### Your instructions:
Copy the lines below that contain "assms".

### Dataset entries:

********************

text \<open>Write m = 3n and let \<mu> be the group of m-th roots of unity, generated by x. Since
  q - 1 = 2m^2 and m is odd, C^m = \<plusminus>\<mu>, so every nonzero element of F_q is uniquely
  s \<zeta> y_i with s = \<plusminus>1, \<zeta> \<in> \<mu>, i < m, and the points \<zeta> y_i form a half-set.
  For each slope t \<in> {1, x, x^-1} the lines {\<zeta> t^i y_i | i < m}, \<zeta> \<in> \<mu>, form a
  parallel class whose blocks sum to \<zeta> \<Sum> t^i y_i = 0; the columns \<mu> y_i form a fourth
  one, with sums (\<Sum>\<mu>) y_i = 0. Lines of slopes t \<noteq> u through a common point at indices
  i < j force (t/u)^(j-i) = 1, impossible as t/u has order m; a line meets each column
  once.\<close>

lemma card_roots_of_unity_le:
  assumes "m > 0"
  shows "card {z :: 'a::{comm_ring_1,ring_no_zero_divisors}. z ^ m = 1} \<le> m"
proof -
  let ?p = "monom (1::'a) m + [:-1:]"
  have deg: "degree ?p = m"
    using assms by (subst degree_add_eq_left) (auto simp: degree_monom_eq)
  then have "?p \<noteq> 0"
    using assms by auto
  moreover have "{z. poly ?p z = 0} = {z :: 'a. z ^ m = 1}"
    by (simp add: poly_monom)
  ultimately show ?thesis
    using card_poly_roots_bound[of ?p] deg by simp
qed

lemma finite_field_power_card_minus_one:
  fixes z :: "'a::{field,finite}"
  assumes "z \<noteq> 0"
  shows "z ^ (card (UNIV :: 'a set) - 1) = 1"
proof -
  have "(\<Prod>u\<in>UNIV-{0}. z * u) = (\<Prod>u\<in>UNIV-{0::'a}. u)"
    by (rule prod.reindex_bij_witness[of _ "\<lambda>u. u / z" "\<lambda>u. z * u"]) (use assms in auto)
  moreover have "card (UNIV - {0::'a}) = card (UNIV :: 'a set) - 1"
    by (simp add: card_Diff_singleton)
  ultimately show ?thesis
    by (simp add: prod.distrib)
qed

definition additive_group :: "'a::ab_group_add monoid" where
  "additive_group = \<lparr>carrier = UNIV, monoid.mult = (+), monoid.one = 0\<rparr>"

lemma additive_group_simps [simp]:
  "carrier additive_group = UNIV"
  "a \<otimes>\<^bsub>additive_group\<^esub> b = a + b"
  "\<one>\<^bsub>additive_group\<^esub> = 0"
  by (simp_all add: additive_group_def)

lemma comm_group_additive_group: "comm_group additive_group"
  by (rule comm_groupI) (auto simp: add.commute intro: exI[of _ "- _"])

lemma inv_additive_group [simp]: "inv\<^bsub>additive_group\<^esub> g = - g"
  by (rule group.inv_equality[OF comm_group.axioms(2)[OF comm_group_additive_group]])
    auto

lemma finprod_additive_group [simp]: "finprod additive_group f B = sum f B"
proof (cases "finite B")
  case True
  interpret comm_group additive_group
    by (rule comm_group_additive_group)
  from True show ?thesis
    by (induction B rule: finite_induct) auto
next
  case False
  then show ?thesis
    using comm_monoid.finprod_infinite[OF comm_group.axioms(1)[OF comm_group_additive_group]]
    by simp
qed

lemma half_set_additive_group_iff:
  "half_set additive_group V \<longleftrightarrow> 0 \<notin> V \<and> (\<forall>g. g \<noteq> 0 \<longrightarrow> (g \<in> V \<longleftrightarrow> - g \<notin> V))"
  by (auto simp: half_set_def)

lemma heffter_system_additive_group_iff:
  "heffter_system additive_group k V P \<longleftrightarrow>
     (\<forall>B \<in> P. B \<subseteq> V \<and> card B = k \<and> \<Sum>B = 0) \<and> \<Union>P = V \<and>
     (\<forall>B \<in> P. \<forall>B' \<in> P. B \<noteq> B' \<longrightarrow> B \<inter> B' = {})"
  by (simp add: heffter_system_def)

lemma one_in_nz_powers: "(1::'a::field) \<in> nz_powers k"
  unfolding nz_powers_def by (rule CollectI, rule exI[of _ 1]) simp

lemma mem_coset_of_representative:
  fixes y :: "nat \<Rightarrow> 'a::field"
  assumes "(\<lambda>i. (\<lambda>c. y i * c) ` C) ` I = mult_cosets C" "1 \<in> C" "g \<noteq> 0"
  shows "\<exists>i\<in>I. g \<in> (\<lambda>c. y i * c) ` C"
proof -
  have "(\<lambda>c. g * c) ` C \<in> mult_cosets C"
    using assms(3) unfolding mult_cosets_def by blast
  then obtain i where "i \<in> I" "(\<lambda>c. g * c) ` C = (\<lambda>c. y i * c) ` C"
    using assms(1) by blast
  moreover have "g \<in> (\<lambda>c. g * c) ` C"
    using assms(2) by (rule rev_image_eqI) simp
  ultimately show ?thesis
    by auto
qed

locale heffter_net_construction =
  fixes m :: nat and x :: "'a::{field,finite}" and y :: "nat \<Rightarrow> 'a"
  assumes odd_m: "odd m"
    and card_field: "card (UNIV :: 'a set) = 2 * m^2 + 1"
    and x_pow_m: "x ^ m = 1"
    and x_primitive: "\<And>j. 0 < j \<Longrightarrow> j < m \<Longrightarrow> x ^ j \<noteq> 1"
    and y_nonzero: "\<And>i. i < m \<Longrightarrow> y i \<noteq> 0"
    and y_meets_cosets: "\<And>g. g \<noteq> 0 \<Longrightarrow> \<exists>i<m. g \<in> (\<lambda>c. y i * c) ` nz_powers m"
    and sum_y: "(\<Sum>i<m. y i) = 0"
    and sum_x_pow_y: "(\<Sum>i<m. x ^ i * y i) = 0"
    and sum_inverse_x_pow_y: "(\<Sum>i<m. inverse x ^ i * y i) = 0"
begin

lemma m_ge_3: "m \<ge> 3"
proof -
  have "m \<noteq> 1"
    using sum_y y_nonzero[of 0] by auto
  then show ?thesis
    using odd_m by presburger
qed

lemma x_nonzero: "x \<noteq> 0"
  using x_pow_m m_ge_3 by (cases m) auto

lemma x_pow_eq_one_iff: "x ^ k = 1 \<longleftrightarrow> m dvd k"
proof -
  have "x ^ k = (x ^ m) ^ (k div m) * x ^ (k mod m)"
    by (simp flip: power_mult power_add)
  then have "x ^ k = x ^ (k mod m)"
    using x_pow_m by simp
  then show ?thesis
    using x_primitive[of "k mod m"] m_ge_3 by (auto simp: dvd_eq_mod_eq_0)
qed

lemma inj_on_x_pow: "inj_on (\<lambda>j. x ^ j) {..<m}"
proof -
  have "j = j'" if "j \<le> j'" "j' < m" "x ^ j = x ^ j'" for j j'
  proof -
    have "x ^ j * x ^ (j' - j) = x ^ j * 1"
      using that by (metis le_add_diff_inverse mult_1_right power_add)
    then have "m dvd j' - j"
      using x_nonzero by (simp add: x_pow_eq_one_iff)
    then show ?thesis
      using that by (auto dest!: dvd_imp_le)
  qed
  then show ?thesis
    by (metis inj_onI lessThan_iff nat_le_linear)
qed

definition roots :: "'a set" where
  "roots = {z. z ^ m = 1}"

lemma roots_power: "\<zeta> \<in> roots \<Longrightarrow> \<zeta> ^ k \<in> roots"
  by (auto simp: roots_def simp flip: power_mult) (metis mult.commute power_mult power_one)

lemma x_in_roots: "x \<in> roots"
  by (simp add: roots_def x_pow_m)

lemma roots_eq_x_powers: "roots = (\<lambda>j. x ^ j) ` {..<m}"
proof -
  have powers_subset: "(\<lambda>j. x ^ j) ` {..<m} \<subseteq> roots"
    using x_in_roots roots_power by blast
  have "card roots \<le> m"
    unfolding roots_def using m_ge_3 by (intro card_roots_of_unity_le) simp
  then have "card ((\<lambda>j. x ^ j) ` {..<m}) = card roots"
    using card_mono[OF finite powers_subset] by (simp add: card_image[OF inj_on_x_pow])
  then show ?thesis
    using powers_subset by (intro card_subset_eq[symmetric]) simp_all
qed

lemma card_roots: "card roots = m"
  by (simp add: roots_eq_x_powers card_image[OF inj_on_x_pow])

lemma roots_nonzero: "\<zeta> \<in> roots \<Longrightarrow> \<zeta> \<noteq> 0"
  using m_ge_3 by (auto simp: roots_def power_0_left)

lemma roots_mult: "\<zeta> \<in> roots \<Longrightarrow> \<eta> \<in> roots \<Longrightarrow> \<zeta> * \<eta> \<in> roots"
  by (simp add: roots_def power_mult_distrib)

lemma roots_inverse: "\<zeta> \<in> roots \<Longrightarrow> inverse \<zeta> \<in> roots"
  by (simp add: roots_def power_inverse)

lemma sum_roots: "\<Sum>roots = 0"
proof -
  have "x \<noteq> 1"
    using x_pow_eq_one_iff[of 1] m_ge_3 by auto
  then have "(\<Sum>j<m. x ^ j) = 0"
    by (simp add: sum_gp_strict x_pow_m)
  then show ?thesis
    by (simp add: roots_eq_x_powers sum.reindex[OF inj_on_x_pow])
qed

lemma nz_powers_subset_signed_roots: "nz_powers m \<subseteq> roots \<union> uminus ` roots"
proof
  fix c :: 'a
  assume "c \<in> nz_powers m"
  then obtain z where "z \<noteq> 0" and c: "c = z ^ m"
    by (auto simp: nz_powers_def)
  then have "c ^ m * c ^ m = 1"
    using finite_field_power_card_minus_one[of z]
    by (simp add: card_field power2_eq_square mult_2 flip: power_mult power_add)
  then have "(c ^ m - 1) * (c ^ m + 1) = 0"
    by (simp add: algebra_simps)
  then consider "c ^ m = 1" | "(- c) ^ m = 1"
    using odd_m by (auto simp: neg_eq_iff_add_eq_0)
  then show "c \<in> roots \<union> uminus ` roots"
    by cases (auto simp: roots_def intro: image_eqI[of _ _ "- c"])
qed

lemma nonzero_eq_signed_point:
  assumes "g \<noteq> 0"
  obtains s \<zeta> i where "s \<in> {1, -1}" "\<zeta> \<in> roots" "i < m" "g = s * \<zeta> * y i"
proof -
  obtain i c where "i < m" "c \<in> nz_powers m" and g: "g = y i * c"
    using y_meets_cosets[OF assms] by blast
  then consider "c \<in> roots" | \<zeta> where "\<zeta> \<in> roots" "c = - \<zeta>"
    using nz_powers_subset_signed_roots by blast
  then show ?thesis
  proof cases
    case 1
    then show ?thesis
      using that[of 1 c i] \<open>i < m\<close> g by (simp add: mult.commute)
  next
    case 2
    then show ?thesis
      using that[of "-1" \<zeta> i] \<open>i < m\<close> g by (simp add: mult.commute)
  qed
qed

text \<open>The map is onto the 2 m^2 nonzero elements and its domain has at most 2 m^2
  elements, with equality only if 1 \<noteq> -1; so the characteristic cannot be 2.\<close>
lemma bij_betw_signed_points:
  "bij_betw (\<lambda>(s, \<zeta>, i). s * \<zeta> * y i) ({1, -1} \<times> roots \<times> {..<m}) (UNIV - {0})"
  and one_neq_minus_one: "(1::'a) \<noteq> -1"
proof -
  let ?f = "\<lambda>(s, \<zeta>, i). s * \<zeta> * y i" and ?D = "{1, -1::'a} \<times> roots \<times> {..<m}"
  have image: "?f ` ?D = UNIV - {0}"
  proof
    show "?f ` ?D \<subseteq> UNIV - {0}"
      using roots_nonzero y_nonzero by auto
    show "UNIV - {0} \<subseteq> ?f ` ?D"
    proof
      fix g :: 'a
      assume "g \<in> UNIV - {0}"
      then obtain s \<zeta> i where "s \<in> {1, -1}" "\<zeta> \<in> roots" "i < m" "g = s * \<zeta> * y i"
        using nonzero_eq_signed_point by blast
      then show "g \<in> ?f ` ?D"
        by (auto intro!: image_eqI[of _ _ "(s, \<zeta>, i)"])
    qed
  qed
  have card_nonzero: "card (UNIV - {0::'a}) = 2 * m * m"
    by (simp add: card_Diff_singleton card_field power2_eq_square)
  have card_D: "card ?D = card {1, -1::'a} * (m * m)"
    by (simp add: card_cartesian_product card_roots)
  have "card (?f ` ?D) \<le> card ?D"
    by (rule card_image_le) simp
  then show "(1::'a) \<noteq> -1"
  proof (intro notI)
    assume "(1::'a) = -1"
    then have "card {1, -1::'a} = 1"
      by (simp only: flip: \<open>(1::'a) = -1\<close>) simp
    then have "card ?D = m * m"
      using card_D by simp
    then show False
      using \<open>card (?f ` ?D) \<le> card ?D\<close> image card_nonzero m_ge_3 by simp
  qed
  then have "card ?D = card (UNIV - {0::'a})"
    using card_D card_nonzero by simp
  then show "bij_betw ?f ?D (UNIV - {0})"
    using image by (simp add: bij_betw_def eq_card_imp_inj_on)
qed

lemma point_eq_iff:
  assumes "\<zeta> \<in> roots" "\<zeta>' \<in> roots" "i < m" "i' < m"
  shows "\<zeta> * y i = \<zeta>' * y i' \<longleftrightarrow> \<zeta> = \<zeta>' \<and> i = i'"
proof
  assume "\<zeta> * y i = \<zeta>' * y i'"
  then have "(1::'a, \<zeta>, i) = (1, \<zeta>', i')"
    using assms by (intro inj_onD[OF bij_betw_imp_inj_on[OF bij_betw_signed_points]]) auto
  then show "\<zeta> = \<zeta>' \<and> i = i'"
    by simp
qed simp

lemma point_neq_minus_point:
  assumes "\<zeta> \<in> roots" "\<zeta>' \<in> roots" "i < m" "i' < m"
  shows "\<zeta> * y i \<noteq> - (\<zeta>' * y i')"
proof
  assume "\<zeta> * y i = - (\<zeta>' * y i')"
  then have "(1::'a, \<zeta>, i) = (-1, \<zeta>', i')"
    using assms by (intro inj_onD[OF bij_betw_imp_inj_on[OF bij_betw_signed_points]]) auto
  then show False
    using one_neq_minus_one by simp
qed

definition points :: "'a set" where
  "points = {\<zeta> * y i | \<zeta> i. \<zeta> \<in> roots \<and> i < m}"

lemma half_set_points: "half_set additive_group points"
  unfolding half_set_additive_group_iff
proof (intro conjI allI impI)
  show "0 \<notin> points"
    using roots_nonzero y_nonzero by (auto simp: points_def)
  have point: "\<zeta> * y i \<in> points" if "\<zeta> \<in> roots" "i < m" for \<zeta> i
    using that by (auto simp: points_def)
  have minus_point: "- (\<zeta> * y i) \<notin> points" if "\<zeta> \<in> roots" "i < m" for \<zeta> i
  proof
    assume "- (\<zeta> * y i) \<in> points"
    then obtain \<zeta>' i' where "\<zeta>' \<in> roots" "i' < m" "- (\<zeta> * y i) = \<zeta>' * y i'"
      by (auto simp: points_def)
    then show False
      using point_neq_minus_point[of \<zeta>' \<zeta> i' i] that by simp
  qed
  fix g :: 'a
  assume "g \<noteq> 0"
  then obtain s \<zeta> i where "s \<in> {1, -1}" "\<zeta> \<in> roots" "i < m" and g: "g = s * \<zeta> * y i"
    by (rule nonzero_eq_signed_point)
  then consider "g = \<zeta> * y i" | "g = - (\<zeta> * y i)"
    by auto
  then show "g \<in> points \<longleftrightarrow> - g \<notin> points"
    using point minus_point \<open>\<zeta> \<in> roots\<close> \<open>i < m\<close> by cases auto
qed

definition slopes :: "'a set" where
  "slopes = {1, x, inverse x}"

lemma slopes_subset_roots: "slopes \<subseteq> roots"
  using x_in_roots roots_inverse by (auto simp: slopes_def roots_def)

********************

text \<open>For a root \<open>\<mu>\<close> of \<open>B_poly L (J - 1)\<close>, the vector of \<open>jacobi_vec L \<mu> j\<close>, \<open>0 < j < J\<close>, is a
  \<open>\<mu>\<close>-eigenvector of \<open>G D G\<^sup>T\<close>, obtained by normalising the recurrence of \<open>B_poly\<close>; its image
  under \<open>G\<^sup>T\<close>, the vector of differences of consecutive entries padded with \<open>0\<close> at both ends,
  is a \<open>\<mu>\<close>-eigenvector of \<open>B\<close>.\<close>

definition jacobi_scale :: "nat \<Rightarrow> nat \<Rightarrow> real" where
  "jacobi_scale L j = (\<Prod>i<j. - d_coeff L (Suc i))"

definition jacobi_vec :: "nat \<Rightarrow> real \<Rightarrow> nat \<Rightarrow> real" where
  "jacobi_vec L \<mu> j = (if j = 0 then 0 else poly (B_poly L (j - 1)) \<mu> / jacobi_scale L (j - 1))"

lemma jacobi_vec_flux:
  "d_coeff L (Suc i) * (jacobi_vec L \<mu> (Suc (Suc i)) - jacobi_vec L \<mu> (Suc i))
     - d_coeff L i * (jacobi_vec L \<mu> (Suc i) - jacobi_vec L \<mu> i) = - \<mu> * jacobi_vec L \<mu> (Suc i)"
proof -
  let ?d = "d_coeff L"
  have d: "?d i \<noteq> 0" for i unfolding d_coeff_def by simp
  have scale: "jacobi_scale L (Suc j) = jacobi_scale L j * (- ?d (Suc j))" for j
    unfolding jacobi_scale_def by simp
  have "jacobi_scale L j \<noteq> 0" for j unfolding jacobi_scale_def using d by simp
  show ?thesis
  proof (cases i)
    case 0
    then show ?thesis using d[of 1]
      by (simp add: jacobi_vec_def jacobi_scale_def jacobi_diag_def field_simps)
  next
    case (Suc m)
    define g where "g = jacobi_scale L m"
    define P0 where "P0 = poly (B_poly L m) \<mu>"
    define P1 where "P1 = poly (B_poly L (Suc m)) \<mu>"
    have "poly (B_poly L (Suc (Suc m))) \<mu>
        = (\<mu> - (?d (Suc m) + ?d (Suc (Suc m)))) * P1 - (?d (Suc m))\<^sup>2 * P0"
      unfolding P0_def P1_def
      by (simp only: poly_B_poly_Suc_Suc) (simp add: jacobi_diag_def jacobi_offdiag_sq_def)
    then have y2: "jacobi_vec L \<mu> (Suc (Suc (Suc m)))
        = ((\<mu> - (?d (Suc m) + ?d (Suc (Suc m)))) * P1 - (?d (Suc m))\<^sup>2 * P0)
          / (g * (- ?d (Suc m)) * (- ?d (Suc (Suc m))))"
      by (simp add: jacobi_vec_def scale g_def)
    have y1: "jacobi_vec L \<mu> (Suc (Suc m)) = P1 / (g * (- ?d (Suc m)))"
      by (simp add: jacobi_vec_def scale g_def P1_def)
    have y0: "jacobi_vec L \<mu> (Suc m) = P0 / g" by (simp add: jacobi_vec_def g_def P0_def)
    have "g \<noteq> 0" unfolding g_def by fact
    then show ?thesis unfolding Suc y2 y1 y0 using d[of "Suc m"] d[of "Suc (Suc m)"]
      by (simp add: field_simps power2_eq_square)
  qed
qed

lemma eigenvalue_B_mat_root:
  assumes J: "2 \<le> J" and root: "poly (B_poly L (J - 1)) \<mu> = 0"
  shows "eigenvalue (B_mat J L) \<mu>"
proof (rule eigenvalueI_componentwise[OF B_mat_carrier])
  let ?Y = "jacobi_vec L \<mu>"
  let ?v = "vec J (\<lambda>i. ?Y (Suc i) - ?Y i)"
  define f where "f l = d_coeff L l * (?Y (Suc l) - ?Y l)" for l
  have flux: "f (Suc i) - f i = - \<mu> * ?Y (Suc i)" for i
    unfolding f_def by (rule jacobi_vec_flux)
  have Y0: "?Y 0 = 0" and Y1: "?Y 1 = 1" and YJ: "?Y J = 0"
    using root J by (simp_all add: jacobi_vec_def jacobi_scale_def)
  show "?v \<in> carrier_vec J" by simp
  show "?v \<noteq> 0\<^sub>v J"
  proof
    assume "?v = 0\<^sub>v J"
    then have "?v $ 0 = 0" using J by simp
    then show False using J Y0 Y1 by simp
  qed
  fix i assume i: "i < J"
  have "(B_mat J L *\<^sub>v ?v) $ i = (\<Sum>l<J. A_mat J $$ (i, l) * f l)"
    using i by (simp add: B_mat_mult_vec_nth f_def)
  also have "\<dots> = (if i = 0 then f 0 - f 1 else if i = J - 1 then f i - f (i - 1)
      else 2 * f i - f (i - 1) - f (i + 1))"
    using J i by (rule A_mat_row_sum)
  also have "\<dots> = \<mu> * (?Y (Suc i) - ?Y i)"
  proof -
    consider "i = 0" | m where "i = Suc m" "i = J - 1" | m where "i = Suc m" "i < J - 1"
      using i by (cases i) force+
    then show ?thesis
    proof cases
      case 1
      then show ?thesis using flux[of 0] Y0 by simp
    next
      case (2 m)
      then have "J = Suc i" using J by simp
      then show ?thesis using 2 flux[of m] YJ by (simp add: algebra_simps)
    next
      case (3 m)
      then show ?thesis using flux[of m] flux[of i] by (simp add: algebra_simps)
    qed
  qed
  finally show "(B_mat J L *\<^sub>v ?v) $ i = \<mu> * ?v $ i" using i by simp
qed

********************

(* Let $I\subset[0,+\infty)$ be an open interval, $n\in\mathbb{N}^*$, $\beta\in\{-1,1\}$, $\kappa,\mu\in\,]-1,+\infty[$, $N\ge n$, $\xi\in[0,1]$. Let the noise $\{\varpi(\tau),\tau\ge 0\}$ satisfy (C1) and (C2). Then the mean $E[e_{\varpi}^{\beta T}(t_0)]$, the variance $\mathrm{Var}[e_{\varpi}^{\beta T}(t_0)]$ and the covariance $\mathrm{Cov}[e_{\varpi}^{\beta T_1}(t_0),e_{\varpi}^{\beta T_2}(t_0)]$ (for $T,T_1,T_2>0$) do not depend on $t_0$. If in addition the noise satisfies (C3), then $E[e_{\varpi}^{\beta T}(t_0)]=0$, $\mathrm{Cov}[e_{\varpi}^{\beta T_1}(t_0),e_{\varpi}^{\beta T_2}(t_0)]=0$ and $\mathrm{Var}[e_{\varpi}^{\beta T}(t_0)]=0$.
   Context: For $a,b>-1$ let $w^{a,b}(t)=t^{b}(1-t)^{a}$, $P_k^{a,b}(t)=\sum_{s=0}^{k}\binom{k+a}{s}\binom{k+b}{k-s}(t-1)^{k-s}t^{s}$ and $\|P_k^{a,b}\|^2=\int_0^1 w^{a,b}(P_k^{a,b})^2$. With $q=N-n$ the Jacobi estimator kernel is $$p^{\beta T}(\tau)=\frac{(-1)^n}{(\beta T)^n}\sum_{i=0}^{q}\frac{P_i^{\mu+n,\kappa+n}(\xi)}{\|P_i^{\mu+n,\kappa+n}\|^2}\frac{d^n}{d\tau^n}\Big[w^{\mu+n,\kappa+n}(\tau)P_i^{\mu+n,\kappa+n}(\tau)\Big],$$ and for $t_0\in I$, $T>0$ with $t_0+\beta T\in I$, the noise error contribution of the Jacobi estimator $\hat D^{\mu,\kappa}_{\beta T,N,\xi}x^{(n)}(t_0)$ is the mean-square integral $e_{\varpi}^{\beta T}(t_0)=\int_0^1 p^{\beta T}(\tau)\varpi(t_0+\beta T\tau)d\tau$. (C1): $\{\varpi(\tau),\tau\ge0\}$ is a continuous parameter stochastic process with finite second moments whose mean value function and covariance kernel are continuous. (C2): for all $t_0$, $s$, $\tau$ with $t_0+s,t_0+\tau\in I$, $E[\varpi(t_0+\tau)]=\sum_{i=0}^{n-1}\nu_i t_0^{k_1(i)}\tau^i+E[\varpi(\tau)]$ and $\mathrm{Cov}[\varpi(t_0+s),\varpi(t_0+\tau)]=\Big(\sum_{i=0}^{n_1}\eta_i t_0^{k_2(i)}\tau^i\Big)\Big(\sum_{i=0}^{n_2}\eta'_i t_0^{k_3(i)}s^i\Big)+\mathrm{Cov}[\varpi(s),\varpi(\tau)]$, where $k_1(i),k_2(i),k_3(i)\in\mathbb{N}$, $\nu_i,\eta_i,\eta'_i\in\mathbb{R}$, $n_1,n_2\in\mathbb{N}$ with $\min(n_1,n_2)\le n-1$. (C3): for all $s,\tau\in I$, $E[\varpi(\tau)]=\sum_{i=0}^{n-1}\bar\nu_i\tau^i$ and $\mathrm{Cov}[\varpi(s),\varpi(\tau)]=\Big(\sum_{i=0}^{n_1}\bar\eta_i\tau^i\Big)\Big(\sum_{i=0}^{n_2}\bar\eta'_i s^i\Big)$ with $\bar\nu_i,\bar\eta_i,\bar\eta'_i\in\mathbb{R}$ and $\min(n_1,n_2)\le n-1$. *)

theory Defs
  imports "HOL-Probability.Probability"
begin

********************

### Written response:
    using assms by (subst degree_add_eq_left) (auto simp: degree_monom_eq)
    using assms by auto
    by (rule prod.reindex_bij_witness[of _ "\<lambda>u. u / z" "\<lambda>u. z * u"]) (use assms in auto)
    using assms(3) unfolding mult_cosets_def by blast
    using assms(1) by blast
    using assms(2) by (rule rev_image_eqI) simp
    using y_meets_cosets[OF assms] by blast
    using assms by (intro inj_onD[OF bij_betw_imp_inj_on[OF bij_betw_signed_points]]) auto
    using assms by (intro inj_onD[OF bij_betw_imp_inj_on[OF bij_betw_signed_points]]) auto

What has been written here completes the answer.